(Entries supplied Opens)

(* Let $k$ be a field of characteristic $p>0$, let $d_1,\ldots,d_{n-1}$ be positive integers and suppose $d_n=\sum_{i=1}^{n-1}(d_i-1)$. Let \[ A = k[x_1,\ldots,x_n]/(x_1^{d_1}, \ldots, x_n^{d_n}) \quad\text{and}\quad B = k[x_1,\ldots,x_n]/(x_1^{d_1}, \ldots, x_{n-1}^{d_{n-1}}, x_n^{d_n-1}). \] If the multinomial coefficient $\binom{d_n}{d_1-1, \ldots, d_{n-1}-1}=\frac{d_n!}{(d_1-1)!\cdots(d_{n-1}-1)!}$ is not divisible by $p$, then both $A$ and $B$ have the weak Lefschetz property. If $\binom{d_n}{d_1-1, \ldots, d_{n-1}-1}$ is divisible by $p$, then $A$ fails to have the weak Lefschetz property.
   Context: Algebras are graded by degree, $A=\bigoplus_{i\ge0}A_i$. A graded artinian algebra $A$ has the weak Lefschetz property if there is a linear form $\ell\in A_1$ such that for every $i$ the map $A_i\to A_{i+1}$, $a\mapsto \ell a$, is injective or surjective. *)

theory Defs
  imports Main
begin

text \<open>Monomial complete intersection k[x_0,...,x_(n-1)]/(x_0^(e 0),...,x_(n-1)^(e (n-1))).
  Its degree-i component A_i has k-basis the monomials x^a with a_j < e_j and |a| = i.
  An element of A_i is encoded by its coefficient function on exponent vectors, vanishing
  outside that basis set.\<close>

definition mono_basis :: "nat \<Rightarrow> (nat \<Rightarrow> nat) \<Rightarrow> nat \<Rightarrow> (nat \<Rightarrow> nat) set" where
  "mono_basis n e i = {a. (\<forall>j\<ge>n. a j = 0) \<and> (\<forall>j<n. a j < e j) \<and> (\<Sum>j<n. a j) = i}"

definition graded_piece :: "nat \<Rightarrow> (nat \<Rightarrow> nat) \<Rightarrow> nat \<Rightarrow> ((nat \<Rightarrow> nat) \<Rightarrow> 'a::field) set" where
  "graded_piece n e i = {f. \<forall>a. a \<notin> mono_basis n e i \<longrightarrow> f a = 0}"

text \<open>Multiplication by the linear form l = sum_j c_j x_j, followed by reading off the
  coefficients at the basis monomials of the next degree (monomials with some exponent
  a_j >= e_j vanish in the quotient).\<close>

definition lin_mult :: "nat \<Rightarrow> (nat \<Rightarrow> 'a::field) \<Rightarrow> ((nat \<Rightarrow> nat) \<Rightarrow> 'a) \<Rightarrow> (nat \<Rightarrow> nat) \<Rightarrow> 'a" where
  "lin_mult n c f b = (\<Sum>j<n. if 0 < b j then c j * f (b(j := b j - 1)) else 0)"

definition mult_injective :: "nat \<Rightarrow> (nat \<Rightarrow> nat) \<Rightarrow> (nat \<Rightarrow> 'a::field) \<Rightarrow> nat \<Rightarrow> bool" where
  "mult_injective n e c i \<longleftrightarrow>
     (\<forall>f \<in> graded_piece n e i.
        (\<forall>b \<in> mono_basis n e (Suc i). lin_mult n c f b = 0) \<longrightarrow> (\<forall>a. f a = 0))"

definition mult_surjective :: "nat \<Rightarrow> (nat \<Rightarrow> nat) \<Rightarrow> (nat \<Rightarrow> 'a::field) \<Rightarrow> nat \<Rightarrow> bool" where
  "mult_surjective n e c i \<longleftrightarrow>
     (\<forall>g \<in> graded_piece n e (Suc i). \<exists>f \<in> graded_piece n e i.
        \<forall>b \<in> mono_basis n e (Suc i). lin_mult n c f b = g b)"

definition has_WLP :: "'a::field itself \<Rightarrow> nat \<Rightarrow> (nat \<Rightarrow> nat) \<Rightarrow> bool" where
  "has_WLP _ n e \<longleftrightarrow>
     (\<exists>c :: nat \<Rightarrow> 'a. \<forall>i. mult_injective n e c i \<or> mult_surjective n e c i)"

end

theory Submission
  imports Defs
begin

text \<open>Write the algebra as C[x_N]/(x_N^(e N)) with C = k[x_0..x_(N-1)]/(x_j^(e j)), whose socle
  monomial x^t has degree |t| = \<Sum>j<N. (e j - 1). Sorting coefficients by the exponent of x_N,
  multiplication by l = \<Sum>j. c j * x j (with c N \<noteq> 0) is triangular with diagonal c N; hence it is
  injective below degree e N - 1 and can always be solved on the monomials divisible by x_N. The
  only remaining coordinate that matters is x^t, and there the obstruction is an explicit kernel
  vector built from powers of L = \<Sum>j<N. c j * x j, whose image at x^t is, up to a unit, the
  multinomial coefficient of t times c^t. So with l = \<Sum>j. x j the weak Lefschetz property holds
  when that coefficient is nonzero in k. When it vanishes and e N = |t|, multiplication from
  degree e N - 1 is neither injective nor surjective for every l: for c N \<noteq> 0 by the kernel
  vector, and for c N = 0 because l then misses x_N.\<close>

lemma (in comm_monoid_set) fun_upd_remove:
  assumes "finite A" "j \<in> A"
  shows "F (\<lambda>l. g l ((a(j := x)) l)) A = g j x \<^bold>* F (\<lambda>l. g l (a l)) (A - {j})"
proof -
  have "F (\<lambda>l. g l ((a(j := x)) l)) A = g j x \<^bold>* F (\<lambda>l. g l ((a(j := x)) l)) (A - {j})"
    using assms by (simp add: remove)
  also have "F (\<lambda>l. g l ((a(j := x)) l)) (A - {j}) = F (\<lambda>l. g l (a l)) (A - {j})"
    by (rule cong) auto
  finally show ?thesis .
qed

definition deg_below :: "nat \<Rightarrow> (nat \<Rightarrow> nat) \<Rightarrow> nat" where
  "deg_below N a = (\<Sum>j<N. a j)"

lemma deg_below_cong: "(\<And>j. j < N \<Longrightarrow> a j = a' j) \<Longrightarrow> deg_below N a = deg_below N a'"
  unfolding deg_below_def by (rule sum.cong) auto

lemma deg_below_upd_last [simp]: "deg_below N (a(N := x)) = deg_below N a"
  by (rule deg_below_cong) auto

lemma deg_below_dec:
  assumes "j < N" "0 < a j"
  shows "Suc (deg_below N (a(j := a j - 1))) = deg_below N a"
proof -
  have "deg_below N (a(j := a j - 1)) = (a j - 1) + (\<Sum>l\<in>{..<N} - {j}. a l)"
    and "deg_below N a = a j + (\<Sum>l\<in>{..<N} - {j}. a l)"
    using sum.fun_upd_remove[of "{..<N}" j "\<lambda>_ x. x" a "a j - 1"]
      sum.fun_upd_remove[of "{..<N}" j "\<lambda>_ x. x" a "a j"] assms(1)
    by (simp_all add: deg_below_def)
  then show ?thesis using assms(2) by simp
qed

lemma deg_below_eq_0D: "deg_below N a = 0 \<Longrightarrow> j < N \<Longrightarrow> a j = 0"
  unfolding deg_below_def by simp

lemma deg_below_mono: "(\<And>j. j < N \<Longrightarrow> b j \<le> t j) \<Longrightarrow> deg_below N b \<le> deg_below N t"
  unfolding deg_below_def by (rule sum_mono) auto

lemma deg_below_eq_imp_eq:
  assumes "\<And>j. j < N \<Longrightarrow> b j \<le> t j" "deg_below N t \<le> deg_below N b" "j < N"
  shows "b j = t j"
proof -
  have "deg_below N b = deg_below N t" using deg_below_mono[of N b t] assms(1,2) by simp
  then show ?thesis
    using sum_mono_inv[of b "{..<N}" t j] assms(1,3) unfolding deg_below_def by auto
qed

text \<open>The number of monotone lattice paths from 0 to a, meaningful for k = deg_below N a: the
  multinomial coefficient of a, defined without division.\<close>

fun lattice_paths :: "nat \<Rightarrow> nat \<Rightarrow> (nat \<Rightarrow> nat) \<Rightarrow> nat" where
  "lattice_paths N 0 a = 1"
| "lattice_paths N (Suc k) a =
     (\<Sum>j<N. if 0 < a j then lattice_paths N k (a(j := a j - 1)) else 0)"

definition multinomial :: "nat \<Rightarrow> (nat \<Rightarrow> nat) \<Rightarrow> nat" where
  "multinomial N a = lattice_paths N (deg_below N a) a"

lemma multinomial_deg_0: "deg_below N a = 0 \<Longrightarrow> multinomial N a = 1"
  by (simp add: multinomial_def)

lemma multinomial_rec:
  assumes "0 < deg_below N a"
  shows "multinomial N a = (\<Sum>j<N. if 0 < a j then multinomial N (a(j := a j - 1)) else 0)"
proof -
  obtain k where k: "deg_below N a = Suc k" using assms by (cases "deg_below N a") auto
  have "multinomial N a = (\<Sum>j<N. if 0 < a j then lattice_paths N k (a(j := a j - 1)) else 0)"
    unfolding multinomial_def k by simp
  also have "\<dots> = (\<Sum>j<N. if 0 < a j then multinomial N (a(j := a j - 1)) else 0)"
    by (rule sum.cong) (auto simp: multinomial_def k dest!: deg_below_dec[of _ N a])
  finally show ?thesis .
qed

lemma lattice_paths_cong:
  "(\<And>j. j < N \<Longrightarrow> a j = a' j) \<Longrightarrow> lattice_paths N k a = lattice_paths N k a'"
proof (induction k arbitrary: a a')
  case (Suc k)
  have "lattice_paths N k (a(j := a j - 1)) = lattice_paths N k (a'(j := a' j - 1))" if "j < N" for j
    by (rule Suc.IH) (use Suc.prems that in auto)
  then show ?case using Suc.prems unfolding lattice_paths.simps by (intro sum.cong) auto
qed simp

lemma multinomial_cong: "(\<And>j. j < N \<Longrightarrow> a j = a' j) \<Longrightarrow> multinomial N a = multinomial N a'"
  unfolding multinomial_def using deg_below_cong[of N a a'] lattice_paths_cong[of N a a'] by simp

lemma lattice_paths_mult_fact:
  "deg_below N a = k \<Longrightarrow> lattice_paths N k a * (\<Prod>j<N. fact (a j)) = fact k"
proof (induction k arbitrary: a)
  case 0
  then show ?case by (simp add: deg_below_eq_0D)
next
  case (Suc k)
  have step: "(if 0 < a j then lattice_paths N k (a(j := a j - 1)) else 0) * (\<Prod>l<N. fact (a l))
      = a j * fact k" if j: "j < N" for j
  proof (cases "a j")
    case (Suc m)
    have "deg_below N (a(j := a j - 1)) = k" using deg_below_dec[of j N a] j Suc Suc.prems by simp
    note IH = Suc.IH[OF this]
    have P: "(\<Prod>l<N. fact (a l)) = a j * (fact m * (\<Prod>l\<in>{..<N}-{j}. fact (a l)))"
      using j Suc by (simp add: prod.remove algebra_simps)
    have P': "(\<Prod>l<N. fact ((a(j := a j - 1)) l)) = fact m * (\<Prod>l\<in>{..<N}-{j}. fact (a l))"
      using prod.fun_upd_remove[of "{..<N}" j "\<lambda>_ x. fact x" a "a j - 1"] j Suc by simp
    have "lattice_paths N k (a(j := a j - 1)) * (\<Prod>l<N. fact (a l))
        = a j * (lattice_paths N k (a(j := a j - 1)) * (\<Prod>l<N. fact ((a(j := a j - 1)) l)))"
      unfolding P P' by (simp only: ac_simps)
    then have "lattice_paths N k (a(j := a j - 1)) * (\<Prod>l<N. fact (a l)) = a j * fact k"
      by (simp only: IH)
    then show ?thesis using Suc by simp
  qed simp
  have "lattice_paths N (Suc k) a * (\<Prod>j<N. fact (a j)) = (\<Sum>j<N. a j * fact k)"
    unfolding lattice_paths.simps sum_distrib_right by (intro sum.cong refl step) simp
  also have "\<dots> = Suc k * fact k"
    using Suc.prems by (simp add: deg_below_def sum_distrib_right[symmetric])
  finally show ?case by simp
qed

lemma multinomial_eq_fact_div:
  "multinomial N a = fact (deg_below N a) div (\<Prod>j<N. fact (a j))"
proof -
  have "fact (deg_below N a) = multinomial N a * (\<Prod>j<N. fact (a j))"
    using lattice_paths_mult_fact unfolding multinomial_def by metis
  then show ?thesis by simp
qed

(Entries supplied Closes)
(Entries supplied Opens)

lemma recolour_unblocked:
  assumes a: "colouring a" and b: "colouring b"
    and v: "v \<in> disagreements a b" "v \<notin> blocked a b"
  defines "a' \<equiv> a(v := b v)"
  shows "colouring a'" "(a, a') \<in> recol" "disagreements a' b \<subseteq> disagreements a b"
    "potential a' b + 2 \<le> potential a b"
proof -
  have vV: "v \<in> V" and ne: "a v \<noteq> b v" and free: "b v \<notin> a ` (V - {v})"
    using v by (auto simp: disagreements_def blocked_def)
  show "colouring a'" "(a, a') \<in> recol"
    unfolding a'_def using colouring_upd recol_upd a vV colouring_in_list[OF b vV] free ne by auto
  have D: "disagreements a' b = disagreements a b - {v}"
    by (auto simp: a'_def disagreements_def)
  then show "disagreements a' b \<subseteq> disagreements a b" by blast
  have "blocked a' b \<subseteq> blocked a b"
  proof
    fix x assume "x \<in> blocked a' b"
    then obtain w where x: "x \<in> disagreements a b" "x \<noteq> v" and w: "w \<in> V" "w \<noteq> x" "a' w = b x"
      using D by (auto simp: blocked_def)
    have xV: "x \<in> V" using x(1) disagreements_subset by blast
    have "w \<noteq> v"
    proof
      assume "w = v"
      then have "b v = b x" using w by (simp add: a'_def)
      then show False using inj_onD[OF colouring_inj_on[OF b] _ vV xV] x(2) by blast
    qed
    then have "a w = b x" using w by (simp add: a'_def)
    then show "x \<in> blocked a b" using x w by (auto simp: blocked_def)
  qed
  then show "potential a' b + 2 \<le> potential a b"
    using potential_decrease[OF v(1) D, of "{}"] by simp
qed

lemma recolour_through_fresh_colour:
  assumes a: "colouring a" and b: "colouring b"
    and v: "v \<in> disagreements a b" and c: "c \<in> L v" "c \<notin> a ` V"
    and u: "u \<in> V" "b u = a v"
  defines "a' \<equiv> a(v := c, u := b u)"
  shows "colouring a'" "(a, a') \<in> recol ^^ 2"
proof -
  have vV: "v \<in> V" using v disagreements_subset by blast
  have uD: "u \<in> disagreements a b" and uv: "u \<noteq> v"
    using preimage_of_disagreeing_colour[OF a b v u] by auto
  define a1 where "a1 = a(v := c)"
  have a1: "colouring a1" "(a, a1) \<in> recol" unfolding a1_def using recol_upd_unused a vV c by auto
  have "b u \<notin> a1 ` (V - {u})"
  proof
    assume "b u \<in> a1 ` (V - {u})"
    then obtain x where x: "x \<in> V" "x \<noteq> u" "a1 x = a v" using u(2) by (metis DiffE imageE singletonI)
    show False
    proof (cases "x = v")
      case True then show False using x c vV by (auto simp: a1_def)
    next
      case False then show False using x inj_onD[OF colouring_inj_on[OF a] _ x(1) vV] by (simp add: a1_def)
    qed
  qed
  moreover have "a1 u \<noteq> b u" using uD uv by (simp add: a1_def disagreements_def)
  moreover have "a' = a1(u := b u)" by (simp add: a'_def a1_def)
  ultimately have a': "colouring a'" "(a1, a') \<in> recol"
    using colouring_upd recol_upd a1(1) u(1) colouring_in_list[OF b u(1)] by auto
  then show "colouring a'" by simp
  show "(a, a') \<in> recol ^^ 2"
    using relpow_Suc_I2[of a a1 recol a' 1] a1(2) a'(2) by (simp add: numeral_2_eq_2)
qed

(Entries supplied Closes)
(Entries supplied Opens)

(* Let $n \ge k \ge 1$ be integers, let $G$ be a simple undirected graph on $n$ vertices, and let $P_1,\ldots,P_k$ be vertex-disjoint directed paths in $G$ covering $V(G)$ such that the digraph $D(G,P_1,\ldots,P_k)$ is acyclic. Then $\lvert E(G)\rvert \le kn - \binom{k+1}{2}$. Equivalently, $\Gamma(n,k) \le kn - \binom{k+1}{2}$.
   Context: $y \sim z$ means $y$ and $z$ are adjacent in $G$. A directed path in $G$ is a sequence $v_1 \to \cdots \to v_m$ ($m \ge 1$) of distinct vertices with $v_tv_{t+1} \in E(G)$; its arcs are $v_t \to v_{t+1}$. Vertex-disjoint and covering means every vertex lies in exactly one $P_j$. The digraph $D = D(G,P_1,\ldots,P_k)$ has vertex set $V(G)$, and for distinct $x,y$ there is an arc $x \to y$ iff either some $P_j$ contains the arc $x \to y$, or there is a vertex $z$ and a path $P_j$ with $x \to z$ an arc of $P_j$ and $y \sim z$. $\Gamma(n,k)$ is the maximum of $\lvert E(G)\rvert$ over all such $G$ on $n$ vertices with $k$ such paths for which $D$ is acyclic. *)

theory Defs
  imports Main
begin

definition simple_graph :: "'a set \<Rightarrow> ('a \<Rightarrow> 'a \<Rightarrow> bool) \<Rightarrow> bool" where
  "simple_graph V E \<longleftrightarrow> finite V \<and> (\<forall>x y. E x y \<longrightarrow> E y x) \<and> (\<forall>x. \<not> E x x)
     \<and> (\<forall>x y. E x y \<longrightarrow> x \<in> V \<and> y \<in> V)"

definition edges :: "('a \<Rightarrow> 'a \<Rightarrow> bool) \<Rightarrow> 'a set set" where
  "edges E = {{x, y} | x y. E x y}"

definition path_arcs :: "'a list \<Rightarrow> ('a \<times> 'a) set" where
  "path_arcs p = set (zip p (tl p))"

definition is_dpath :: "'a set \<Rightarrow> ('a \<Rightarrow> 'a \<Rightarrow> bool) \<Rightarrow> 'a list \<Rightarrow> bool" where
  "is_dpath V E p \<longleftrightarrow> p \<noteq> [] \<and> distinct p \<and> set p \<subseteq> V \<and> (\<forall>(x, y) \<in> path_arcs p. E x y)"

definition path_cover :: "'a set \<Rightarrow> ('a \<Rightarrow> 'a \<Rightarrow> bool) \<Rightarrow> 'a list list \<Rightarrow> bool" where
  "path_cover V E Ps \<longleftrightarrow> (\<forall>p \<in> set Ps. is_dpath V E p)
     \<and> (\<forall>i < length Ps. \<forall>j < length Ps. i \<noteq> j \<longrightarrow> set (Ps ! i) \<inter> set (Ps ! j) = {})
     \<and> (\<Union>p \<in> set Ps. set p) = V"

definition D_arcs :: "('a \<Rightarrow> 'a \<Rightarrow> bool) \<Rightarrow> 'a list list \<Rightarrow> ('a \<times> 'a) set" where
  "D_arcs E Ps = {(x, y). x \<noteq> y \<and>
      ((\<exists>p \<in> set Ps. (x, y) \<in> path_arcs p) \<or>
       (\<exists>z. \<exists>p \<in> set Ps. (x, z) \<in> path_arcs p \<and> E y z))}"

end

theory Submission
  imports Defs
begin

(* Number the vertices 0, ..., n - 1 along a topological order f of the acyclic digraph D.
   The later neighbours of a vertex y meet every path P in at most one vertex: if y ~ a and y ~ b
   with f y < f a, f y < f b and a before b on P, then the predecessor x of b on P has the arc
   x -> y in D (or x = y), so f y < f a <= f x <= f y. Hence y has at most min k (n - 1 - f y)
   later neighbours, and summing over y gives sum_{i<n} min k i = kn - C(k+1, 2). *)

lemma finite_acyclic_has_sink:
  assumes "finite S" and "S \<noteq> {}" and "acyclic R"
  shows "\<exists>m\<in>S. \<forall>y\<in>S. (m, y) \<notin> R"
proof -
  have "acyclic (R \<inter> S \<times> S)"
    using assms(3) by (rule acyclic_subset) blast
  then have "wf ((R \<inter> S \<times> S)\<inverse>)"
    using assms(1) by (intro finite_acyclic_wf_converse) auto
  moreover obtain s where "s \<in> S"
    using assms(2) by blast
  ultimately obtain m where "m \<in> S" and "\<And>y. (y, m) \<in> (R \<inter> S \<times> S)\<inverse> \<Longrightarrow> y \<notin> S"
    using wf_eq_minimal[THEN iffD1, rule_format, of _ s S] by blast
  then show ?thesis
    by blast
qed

(Entries supplied Closes)

Task brief:
Search the records for the word "kernel" and copy every line where it occurs.

Exercise result:
  only remaining coordinate that matters is x^t, and there the obstruction is an explicit kernel
  degree e N - 1 is neither injective nor surjective for every l: for c N \<noteq> 0 by the kernel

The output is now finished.